Records drawn from a dataset
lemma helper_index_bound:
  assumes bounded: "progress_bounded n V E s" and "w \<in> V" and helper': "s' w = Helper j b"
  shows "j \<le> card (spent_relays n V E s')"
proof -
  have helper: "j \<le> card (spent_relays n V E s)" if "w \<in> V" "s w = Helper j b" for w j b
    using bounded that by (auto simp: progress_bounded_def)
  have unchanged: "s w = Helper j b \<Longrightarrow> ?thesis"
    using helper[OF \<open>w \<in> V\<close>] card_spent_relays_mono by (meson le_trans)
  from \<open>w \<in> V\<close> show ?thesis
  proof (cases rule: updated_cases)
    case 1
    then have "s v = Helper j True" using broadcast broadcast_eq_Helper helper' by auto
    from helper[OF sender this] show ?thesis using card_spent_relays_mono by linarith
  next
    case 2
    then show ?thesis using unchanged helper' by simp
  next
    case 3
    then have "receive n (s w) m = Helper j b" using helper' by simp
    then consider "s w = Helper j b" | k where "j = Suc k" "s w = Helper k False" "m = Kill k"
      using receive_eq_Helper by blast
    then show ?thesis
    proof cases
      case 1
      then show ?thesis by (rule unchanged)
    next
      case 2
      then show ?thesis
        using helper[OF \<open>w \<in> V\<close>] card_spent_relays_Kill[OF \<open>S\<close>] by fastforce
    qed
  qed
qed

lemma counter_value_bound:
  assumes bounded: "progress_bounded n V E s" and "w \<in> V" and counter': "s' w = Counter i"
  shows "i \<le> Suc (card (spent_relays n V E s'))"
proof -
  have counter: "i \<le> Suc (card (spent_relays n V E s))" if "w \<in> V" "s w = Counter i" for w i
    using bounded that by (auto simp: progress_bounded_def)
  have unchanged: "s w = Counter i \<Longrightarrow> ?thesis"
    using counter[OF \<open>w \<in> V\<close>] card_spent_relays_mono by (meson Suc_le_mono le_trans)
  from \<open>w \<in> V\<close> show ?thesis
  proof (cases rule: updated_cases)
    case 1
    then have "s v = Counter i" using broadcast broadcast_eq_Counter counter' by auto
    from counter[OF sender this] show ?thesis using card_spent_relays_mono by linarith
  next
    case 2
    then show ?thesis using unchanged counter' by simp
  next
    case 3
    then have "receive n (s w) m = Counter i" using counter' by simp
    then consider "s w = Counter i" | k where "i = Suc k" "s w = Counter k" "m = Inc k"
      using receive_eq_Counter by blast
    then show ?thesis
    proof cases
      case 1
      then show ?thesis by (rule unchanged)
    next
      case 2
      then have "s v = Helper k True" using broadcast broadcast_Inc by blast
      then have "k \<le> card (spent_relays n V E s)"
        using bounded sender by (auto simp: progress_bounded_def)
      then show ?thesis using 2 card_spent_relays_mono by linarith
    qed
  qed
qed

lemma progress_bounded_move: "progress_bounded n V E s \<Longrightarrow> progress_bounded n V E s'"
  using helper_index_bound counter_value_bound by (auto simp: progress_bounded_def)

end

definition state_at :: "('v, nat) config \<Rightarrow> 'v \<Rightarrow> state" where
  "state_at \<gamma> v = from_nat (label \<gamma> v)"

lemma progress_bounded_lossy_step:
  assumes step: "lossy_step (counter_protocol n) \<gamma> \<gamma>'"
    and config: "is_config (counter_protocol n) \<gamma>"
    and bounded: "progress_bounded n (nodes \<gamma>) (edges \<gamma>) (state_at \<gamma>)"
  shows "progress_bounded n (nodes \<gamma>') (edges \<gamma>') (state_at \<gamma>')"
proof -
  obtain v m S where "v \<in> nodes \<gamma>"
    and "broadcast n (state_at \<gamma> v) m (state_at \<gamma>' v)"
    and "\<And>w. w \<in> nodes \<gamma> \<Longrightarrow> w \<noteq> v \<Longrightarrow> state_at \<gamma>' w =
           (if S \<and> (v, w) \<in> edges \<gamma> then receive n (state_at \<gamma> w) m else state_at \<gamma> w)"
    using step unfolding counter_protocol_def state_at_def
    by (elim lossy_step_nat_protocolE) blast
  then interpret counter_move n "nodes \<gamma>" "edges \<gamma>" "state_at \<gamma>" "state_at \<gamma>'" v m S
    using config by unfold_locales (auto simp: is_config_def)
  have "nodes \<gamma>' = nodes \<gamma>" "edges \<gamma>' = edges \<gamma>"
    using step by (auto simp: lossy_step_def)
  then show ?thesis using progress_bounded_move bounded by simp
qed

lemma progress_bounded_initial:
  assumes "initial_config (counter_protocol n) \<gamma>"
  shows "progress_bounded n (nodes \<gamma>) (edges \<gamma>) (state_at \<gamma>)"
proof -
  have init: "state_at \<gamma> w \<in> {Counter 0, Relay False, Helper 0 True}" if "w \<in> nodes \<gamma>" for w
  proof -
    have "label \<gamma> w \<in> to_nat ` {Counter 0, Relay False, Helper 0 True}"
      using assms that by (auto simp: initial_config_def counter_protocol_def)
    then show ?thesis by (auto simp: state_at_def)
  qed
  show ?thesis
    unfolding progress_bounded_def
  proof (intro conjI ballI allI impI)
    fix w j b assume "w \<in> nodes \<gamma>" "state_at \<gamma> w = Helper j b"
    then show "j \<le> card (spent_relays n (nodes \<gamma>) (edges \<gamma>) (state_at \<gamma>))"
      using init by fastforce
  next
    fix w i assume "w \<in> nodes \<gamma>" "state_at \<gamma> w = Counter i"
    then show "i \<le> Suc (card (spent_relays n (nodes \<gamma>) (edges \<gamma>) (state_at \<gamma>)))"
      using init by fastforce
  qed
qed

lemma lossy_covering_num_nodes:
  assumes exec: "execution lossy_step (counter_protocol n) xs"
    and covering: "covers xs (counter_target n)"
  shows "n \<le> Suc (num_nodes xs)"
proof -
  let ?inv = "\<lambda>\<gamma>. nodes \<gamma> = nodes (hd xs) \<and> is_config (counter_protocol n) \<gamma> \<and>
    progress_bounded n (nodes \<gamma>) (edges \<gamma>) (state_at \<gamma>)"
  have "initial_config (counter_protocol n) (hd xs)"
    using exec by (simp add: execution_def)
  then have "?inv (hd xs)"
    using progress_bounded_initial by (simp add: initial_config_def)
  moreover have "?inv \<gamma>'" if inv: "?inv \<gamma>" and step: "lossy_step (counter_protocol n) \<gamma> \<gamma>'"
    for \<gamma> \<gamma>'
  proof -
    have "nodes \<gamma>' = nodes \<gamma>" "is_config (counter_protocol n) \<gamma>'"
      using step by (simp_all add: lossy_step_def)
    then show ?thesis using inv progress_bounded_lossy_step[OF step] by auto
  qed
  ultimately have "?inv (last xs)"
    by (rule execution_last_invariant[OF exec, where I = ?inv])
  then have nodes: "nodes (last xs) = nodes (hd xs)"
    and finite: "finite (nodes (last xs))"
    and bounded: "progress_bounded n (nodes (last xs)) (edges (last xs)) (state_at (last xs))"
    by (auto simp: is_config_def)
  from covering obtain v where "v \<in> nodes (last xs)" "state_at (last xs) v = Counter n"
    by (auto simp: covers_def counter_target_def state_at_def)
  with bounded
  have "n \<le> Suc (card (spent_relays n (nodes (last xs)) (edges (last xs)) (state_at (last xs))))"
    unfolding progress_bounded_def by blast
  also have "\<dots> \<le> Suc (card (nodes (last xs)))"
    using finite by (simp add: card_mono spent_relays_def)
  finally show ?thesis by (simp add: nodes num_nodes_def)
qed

**BRIEF**
The answer should be one number, namely how many lines of the entries above include the string "this".

**EXPECTED ANSWER**
2